--- INPUT MATERIAL Enclosed Below ---
(* Let $d\ge 11$ and set $$\alpha_{-}=2-2\sqrt{\frac{d-4}{3(d-2)}},\qquad \beta_{-}=\frac{2}{3}(d-4)-\frac{1}{3}\sqrt{3(d-2)(d-4)},\qquad u_{-}(y)=1-\frac{\alpha_{-}y^{2}}{y^{2}+\beta_{-}}.$$ Then $u_-\in C^\infty([0,1])$ and $u_-$ solves $$y^{2}(1-y^{2})u''(y)+\big((d-3)y-2y^{3}\big)u'(y)+(d-2)\,u(y)\big(1-u(y)^{2}\big)=0\quad\text{on } [0,1].$$
   Context: Here $d$ denotes the spatial dimension (an integer). Smoothness on $[0,1]$ means one-sided derivatives of all orders exist and are continuous up to the endpoints. *)

theory Defs
  imports "HOL-Analysis.Analysis"
begin

definition smooth_deriv_seq :: "real set \<Rightarrow> (real \<Rightarrow> real) \<Rightarrow> (nat \<Rightarrow> real \<Rightarrow> real) \<Rightarrow> bool" where
  "smooth_deriv_seq S f D \<longleftrightarrow>
     (\<forall>x\<in>S. D 0 x = f x) \<and>
     (\<forall>k. \<forall>x\<in>S. (D k has_real_derivative D (Suc k) x) (at x within S)) \<and>
     (\<forall>k. continuous_on S (D k))"

definition C_infty_on :: "real set \<Rightarrow> (real \<Rightarrow> real) \<Rightarrow> bool" where
  "C_infty_on S f \<longleftrightarrow> (\<exists>D. smooth_deriv_seq S f D)"

definition alpha_minus :: "int \<Rightarrow> real" where
  "alpha_minus d = 2 - 2 * sqrt ((real_of_int d - 4) / (3 * (real_of_int d - 2)))"

definition beta_minus :: "int \<Rightarrow> real" where
  "beta_minus d = (2/3) * (real_of_int d - 4)
     - (1/3) * sqrt (3 * (real_of_int d - 2) * (real_of_int d - 4))"

definition u_minus :: "int \<Rightarrow> real \<Rightarrow> real" where
  "u_minus d y = 1 - alpha_minus d * y\<^sup>2 / (y\<^sup>2 + beta_minus d)"

end

(* With s = y^2, the ansatz u = 1 - a s/(s + b) = ((1 - a) s + b)/(s + b) is a rational function
   whose denominator stays positive when b > 0, so it is smooth on the whole real line.
   Substituted into the equation it leaves the residual a y^4 (c2 y^2 + c1)/(y^2 + b)^3 (the
   y^2 term of the numerator cancels identically), and c2 = c1 = 0 are one quadratic and one
   linear relation between a, b and d.  The choice a = 2 - 2t, b = 2(d - 4)/3 - (d - 2) t with
   3 (d - 2) t^2 = d - 4 satisfies both, and b > 0 is exactly the condition d > 10. *)
theory Submission
  imports Defs "HOL-Computational_Algebra.Polynomial"
begin

(* The k-th derivative of p/q is rational_deriv_num p q k / q^(k+1). *)
fun rational_deriv_num :: "'a::real_normed_field poly \<Rightarrow> 'a poly \<Rightarrow> nat \<Rightarrow> 'a poly" where
  "rational_deriv_num p q 0 = p"
| "rational_deriv_num p q (Suc k) =
     pderiv (rational_deriv_num p q k) * q
     - smult (of_nat (Suc k)) (rational_deriv_num p q k * pderiv q)"

lemma has_field_derivative_rational_deriv:
  assumes "poly q x \<noteq> 0"
  shows "((\<lambda>y. poly (rational_deriv_num p q k) y / poly q y ^ Suc k) has_field_derivative
           poly (rational_deriv_num p q (Suc k)) x / poly q x ^ Suc (Suc k)) (at x)"
proof -
  let ?r = "rational_deriv_num p q k"
  have "((\<lambda>y. poly ?r y / poly q y ^ Suc k) has_field_derivative
      (poly (pderiv ?r) x * poly q x ^ Suc k
        - poly ?r x * ((1 + of_nat k) * (poly (pderiv q) x * poly q x ^ k)))
      / (poly q x ^ Suc k * poly q x ^ Suc k)) (at x)"
    using assms by (intro DERIV_divide DERIV_power_Suc poly_DERIV) simp
  moreover have "(poly (pderiv ?r) x * poly q x ^ Suc k
        - poly ?r x * ((1 + of_nat k) * (poly (pderiv q) x * poly q x ^ k)))
      / (poly q x ^ Suc k * poly q x ^ Suc k)
    = poly (rational_deriv_num p q (Suc k)) x / poly q x ^ Suc (Suc k)"
    using assms by (simp add: field_simps)
  ultimately show ?thesis
    by simp
qed

lemma smooth_deriv_seq_rational:
  fixes p q :: "real poly"
  assumes "\<forall>x\<in>S. poly q x \<noteq> 0"
  shows "smooth_deriv_seq S (\<lambda>y. poly p y / poly q y)
           (\<lambda>k y. poly (rational_deriv_num p q k) y / poly q y ^ Suc k)"
  unfolding smooth_deriv_seq_def
proof (intro conjI ballI allI)
  fix k x
  assume "x \<in> S"
  then show "((\<lambda>y. poly (rational_deriv_num p q k) y / poly q y ^ Suc k) has_real_derivative
      poly (rational_deriv_num p q (Suc k)) x / poly q x ^ Suc (Suc k)) (at x within S)"
    using assms by (blast intro: has_field_derivative_at_within has_field_derivative_rational_deriv)
next
  fix k
  show "continuous_on S (\<lambda>y. poly (rational_deriv_num p q k) y / poly q y ^ Suc k)"
    using assms has_field_derivative_rational_deriv
    by (intro continuous_at_imp_continuous_on ballI DERIV_isCont) blast
qed simp

lemma rational_deriv_num_ansatz:
  fixes a b y :: real
  shows "poly (rational_deriv_num [:b, 0, 1 - a:] [:b, 0, 1:] 1) y = - 2 * a * b * y"
    and "poly (rational_deriv_num [:b, 0, 1 - a:] [:b, 0, 1:] 2) y = a * b * (6 * y\<^sup>2 - 2 * b)"
  by (simp_all add: numeral_2_eq_2 pderiv_pCons algebra_simps power2_eq_square)

lemma smooth_ansatz:
  fixes a b :: real
  assumes "b > 0"
  obtains D where "smooth_deriv_seq S (\<lambda>y. 1 - a * y\<^sup>2 / (y\<^sup>2 + b)) D"
    and "\<And>y. D 1 y = - 2 * a * b * y / (y\<^sup>2 + b) ^ 2"
    and "\<And>y. D 2 y = a * b * (6 * y\<^sup>2 - 2 * b) / (y\<^sup>2 + b) ^ 3"
proof -
  let ?p = "[:b, 0, 1 - a:]" and ?q = "[:b, 0, 1:]"
  define D where "D k y = poly (rational_deriv_num ?p ?q k) y / poly ?q y ^ Suc k" for k y
  have poly_q: "poly ?q y = y\<^sup>2 + b" for y
    by (simp add: power2_eq_square)
  have q_pos: "y\<^sup>2 + b > 0" for y :: real
    using assms by (simp add: add_nonneg_pos)
  have "(\<lambda>y. 1 - a * y\<^sup>2 / (y\<^sup>2 + b)) = (\<lambda>y. poly ?p y / poly ?q y)"
  proof
    fix y
    show "1 - a * y\<^sup>2 / (y\<^sup>2 + b) = poly ?p y / poly ?q y"
      using q_pos[of y] by (simp add: poly_q field_simps power2_eq_square)
  qed
  moreover have "smooth_deriv_seq S (\<lambda>y. poly ?p y / poly ?q y) D"
  proof -
    have "poly ?q y \<noteq> 0" for y
      unfolding poly_q using q_pos[of y] by simp
    then show ?thesis
      unfolding D_def by (blast intro: smooth_deriv_seq_rational)
  qed
  moreover have "D 1 y = - 2 * a * b * y / (y\<^sup>2 + b) ^ 2"
    and "D 2 y = a * b * (6 * y\<^sup>2 - 2 * b) / (y\<^sup>2 + b) ^ 3" for y
    unfolding D_def rational_deriv_num_ansatz poly_q by (simp_all add: Suc_1 power2_eq_square)
  ultimately show ?thesis
    using that by simp
qed

definition ode_residual :: "real \<Rightarrow> real \<Rightarrow> real \<Rightarrow> real \<Rightarrow> real \<Rightarrow> real" where
  "ode_residual d y u u' u'' =
     y\<^sup>2 * (1 - y\<^sup>2) * u'' + ((d - 3) * y - 2 * y ^ 3) * u' + (d - 2) * u * (1 - u\<^sup>2)"

lemma ode_residual_ansatz:
  fixes a b d y :: real
  assumes "y\<^sup>2 + b \<noteq> 0"
  shows "ode_residual d y (1 - a * y\<^sup>2 / (y\<^sup>2 + b))
           (- 2 * a * b * y / (y\<^sup>2 + b) ^ 2) (a * b * (6 * y\<^sup>2 - 2 * b) / (y\<^sup>2 + b) ^ 3)
    = a * y ^ 4 * (((d - 2) * (1 - a) * (2 - a) - 2 * b) * y\<^sup>2
        + b * (12 + 6 * b - 2 * d + (d - 2) * (4 - 3 * a))) / (y\<^sup>2 + b) ^ 3"
proof -
  define Q where "Q = y\<^sup>2 + b"
  define V where "V = Q - a * y\<^sup>2"
  have Q: "Q \<noteq> 0"
    using assms by (simp add: Q_def)
  have u: "1 - a * y\<^sup>2 / Q = V / Q"
    using Q by (simp add: V_def field_simps)
  have nonlinear_term: "Q ^ 3 * ((d - 2) * (V / Q) * (1 - (V / Q)\<^sup>2)) = (d - 2) * V * (Q\<^sup>2 - V\<^sup>2)"
    and first_order_term: "Q ^ 3 * (((d - 3) * y - 2 * y ^ 3) * (- 2 * a * b * y / Q ^ 2))
      = ((d - 3) * y - 2 * y ^ 3) * (- 2 * a * b * y) * Q"
    using Q by (simp_all add: field_simps power2_eq_square power3_eq_cube)
  have "Q ^ 3 * ode_residual d y (V / Q) (- 2 * a * b * y / Q ^ 2) (a * b * (6 * y\<^sup>2 - 2 * b) / Q ^ 3)
      = y\<^sup>2 * (1 - y\<^sup>2) * (a * b * (6 * y\<^sup>2 - 2 * b)) + ((d - 3) * y - 2 * y ^ 3) * (- 2 * a * b * y) * Q
        + (d - 2) * V * (Q\<^sup>2 - V\<^sup>2)"
    unfolding ode_residual_def distrib_left nonlinear_term first_order_term using Q by simp
  also have "\<dots> = a * y ^ 4 * (((d - 2) * (1 - a) * (2 - a) - 2 * b) * y\<^sup>2
        + b * (12 + 6 * b - 2 * d + (d - 2) * (4 - 3 * a)))"
    unfolding V_def Q_def by algebra
  finally show ?thesis
    using Q unfolding Q_def[symmetric] u by (simp add: eq_divide_eq mult.commute)
qed

lemma ansatz_solves_ode:
  fixes a b d y :: real
  assumes "2 * b = (d - 2) * (1 - a) * (2 - a)"
    and "6 * b = 2 * d - 12 - (d - 2) * (4 - 3 * a)"
    and "y\<^sup>2 + b \<noteq> 0"
  shows "ode_residual d y (1 - a * y\<^sup>2 / (y\<^sup>2 + b))
           (- 2 * a * b * y / (y\<^sup>2 + b) ^ 2) (a * b * (6 * y\<^sup>2 - 2 * b) / (y\<^sup>2 + b) ^ 3) = 0"
proof -
  have coeff_y6: "(d - 2) * (1 - a) * (2 - a) - 2 * b = 0"
    and coeff_y4: "12 + 6 * b - 2 * d + (d - 2) * (4 - 3 * a) = 0"
    using assms(1,2) by linarith+
  show ?thesis
    unfolding ode_residual_ansatz[OF assms(3)] coeff_y6 coeff_y4 by simp
qed

lemma alpha_beta_minus_relations:
  fixes d :: int
  assumes "d \<ge> 4"
  shows "2 * beta_minus d = (real_of_int d - 2) * (1 - alpha_minus d) * (2 - alpha_minus d)"
    and "6 * beta_minus d = 2 * real_of_int d - 12 - (real_of_int d - 2) * (4 - 3 * alpha_minus d)"
proof -
  define r where "r = real_of_int d"
  have r: "r \<ge> 4"
    using assms by (simp add: r_def)
  define t where "t = sqrt ((r - 4) / (3 * (r - 2)))"
  have t_sq: "3 * (r - 2) * t\<^sup>2 = r - 4"
    using r by (simp add: t_def)
  have "sqrt (3 * (r - 2) * (r - 4)) = sqrt ((3 * (r - 2))\<^sup>2 * ((r - 4) / (3 * (r - 2))))"
    using r by (simp add: power2_eq_square)
  also have "\<dots> = sqrt ((3 * (r - 2))\<^sup>2) * t"
    unfolding t_def by (rule real_sqrt_mult)
  also have "sqrt ((3 * (r - 2))\<^sup>2) = 3 * (r - 2)"
    using r by simp
  finally have beta: "beta_minus d = 2 / 3 * (r - 4) - (r - 2) * t"
    by (simp add: beta_minus_def r_def)
  have alpha: "alpha_minus d = 2 - 2 * t"
    by (simp add: alpha_minus_def t_def r_def)
  have "(r - 2) * (1 - (2 - 2 * t)) * (2 - (2 - 2 * t)) = 4 / 3 * (3 * (r - 2) * t\<^sup>2) - 2 * (r - 2) * t"
    by (simp add: algebra_simps power2_eq_square)
  then show "2 * beta_minus d = (real_of_int d - 2) * (1 - alpha_minus d) * (2 - alpha_minus d)"
    unfolding alpha beta r_def[symmetric] t_sq by (simp add: algebra_simps)
  show "6 * beta_minus d = 2 * real_of_int d - 12 - (real_of_int d - 2) * (4 - 3 * alpha_minus d)"
    unfolding alpha beta r_def[symmetric] by (simp add: field_simps)
qed

lemma beta_minus_pos:
  fixes d :: int
  assumes "d \<ge> 11"
  shows "beta_minus d > 0"
proof -
  define r where "r = real_of_int d"
  have r: "r \<ge> 11"
    using assms by (simp add: r_def)
  have "(2 * (r - 4))\<^sup>2 - 3 * (r - 2) * (r - 4) = (r - 4) * (r - 10)"
    by (simp add: algebra_simps power2_eq_square)
  also have "\<dots> > 0"
    using r by simp
  finally have "sqrt (3 * (r - 2) * (r - 4)) < sqrt ((2 * (r - 4))\<^sup>2)"
    by (simp only: real_sqrt_less_iff diff_gt_0_iff_gt)
  also have "\<dots> = 2 * (r - 4)"
    using r by simp
  finally show ?thesis
    by (simp add: beta_minus_def r_def)
qed

theorem mainTheorem3:
  fixes d :: int
  assumes "d \<ge> 11"
  shows "C_infty_on {0..1} (u_minus d) \<and>
    (\<exists>D. smooth_deriv_seq {0..1} (u_minus d) D \<and>
      (\<forall>y\<in>{0..1::real}.
         y\<^sup>2 * (1 - y\<^sup>2) * D 2 y + ((real_of_int d - 3) * y - 2 * y ^ 3) * D 1 y
         + (real_of_int d - 2) * u_minus d y * (1 - (u_minus d y)\<^sup>2) = 0))"
proof -
  have b: "beta_minus d > 0"
    using assms by (rule beta_minus_pos)
  obtain D where smooth: "smooth_deriv_seq {0..1} (u_minus d) D"
    and D1: "\<And>y. D 1 y = - 2 * alpha_minus d * beta_minus d * y / (y\<^sup>2 + beta_minus d) ^ 2"
    and D2: "\<And>y. D 2 y = alpha_minus d * beta_minus d * (6 * y\<^sup>2 - 2 * beta_minus d)
                          / (y\<^sup>2 + beta_minus d) ^ 3"
    using smooth_ansatz[OF b, of "{0..1}" "alpha_minus d"] unfolding u_minus_def[abs_def] by blast
  have "4 \<le> d"
    using assms by simp
  note relations = alpha_beta_minus_relations[OF this]
  have "ode_residual d y (u_minus d y) (D 1 y) (D 2 y) = 0" for y
  proof -
    have "y\<^sup>2 + beta_minus d \<noteq> 0"
      using b by (metis add_nonneg_pos zero_le_power2 less_irrefl)
    then show ?thesis
      unfolding D1 D2 u_minus_def by (rule ansatz_solves_ode[OF relations])
  qed
  then show ?thesis
    using smooth unfolding C_infty_on_def ode_residual_def
    by (intro conjI exI[of _ D] ballI) auto
qed

end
--- End of Enclosed INPUT MATERIAL ---
**ABOUT THIS TASK:** Exactly as they stand, please print the lines from the first line of the records above down to the line that includes "(* With s = y^2, the", both of those included and no others.

**SOLUTION FOR THIS PROBLEM:**
(* Let $d\ge 11$ and set $$\alpha_{-}=2-2\sqrt{\frac{d-4}{3(d-2)}},\qquad \beta_{-}=\frac{2}{3}(d-4)-\frac{1}{3}\sqrt{3(d-2)(d-4)},\qquad u_{-}(y)=1-\frac{\alpha_{-}y^{2}}{y^{2}+\beta_{-}}.$$ Then $u_-\in C^\infty([0,1])$ and $u_-$ solves $$y^{2}(1-y^{2})u''(y)+\big((d-3)y-2y^{3}\big)u'(y)+(d-2)\,u(y)\big(1-u(y)^{2}\big)=0\quad\text{on } [0,1].$$
   Context: Here $d$ denotes the spatial dimension (an integer). Smoothness on $[0,1]$ means one-sided derivatives of all orders exist and are continuous up to the endpoints. *)

theory Defs
  imports "HOL-Analysis.Analysis"
begin

definition smooth_deriv_seq :: "real set \<Rightarrow> (real \<Rightarrow> real) \<Rightarrow> (nat \<Rightarrow> real \<Rightarrow> real) \<Rightarrow> bool" where
  "smooth_deriv_seq S f D \<longleftrightarrow>
     (\<forall>x\<in>S. D 0 x = f x) \<and>
     (\<forall>k. \<forall>x\<in>S. (D k has_real_derivative D (Suc k) x) (at x within S)) \<and>
     (\<forall>k. continuous_on S (D k))"

definition C_infty_on :: "real set \<Rightarrow> (real \<Rightarrow> real) \<Rightarrow> bool" where
  "C_infty_on S f \<longleftrightarrow> (\<exists>D. smooth_deriv_seq S f D)"

definition alpha_minus :: "int \<Rightarrow> real" where
  "alpha_minus d = 2 - 2 * sqrt ((real_of_int d - 4) / (3 * (real_of_int d - 2)))"

definition beta_minus :: "int \<Rightarrow> real" where
  "beta_minus d = (2/3) * (real_of_int d - 4)
     - (1/3) * sqrt (3 * (real_of_int d - 2) * (real_of_int d - 4))"

definition u_minus :: "int \<Rightarrow> real \<Rightarrow> real" where
  "u_minus d y = 1 - alpha_minus d * y\<^sup>2 / (y\<^sup>2 + beta_minus d)"

end

(* With s = y^2, the ansatz u = 1 - a s/(s + b) = ((1 - a) s + b)/(s + b) is a rational function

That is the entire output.